Facebook (Facebook IPO, May 2012)

Adrian Wyld/Canadian Press, Via Associated Press
Updated: May 14, 2012
Facebook is the world’s largest social network, with 901 million monthly users worldwide, and roughly 200 million in the United States, or two-thirds of the population.
Created in 2004 by Mark Zuckerberg in his dorm room at Harvard, Facebook grew from being a quirky site for college students into a popular platform that is used to sell cars and movies, win over voters in presidential elections and organize protest movements. It offers advertisers a global platform, with the exception of China, where Facebook does not operate.
Facebook took its first step toward becoming a publicly traded company in February 2012, when it filed to sell shares on the stock market. The service is on track to be the largest Internet initial public offering ever — trumping Google’s in 2004 or Netscape’s nearly a decade before that. In its filing, Facebook said it was seeking to raise $5 billion.
On May 3, Facebook set the estimated price for its I.P.O. at $28 to $35 a share, according to a revised prospectus. At the midpoint of the range, the social networking company is on track to raise $10.6 billion, in a debut that could value the company at $86 billion.
The company is expected to begin trading on the Nasdaq, under ticker “FB,” on May 17 or May 18.

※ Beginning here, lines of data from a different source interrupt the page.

(* Let $(S,M)$ be a surface with marked points and empty boundary, and let $(S,M')$ be obtained by adding one more puncture, $M'=M\cup\{p\}$. (a) If $(S,M)$ has an ideal triangulation satisfying (T3), then so does $(S,M')$. (b) If $(S,M)$ has an ideal triangulation satisfying (T3$\tfrac12$), then so does $(S,M')$. (c) If $(S,M)$ has an ideal triangulation satisfying (T4), then so does $(S,M')$.
   Context: $(S,M)$: $S$ compact, connected, oriented surface without boundary, $M$ a finite non-empty set of punctures. Arcs incident to a puncture are counted with multiplicity (an arc with both endpoints at the puncture counts twice). (T3): at each puncture at least three arcs of $T$ are incident. (T3$\tfrac12$): $T$ has (T3) and every arc of $T$ has an endpoint with at least four incident arcs. (T4): at each puncture at least four arcs of $T$ are incident. *)

theory Defs
  imports "HOL-Combinatorics.Permutations"
begin

text \<open>Combinatorial model of an ideal triangulation of a closed oriented punctured
surface (S,M): a triangulated combinatorial map.  Darts D (half-edges), s = rotation
of darts around each vertex (puncture), a = fixed-point-free involution pairing the
two halves of each arc; faces are the orbits of s o a, all of size 3 (triangles,
self-folded ones allowed).  Punctures = s-orbits; the number of arcs incident to a
puncture counted with multiplicity is the size of its s-orbit.\<close>

definition dorbit :: "(nat \<Rightarrow> nat) \<Rightarrow> nat \<Rightarrow> nat set" where
  "dorbit f x = {(f ^^ k) x | k. True}"

definition tri_map :: "nat set \<Rightarrow> (nat \<Rightarrow> nat) \<Rightarrow> (nat \<Rightarrow> nat) \<Rightarrow> bool" where
  "tri_map D s a \<longleftrightarrow>
     finite D \<and> D \<noteq> {} \<and> s permutes D \<and> a permutes D \<and>
     (\<forall>x\<in>D. a x \<noteq> x \<and> a (a x) = x) \<and>
     (\<forall>x\<in>D. ((s \<circ> a) ^^ 3) x = x \<and> (s \<circ> a) x \<noteq> x) \<and>
     (\<forall>x\<in>D. \<forall>y\<in>D. (x, y) \<in> ({(z, s z) | z. z \<in> D} \<union> {(z, a z) | z. z \<in> D})\<^sup>*)"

Facebook’s I.P.O.: Beginning a New Chapter
If all goes well, Facebook will go public in an I.P.O. that could value it at nearly $100 billion. One hundred billion dollars — for a company that, eight years ago, didn’t even exist.
Facebook’s I.P.O. will begin a new chapter — indeed, a new volume — in one of the great business narratives of our time. It will also make Mr. Zuckerberg almost impossibly rich. In an instant, his stake could be worth upward of $18.7 billion.
Mind-boggling figures aside, the question on many minds is this:Is Mr. Zuckerberg really ready for this? Is he — there’s no sugarcoating it — grown up enough to lead a public corporation that is more valuable than McDonald’s or Goldman Sachs? The answer to those questions will determine the future of Facebook, as well as the fortunes of its new, public shareholders. For the first time, Mr. Zuckerberg will be judged, in real time, by a relentless stock market. And that market, as chief executives everywhere know, is merciless.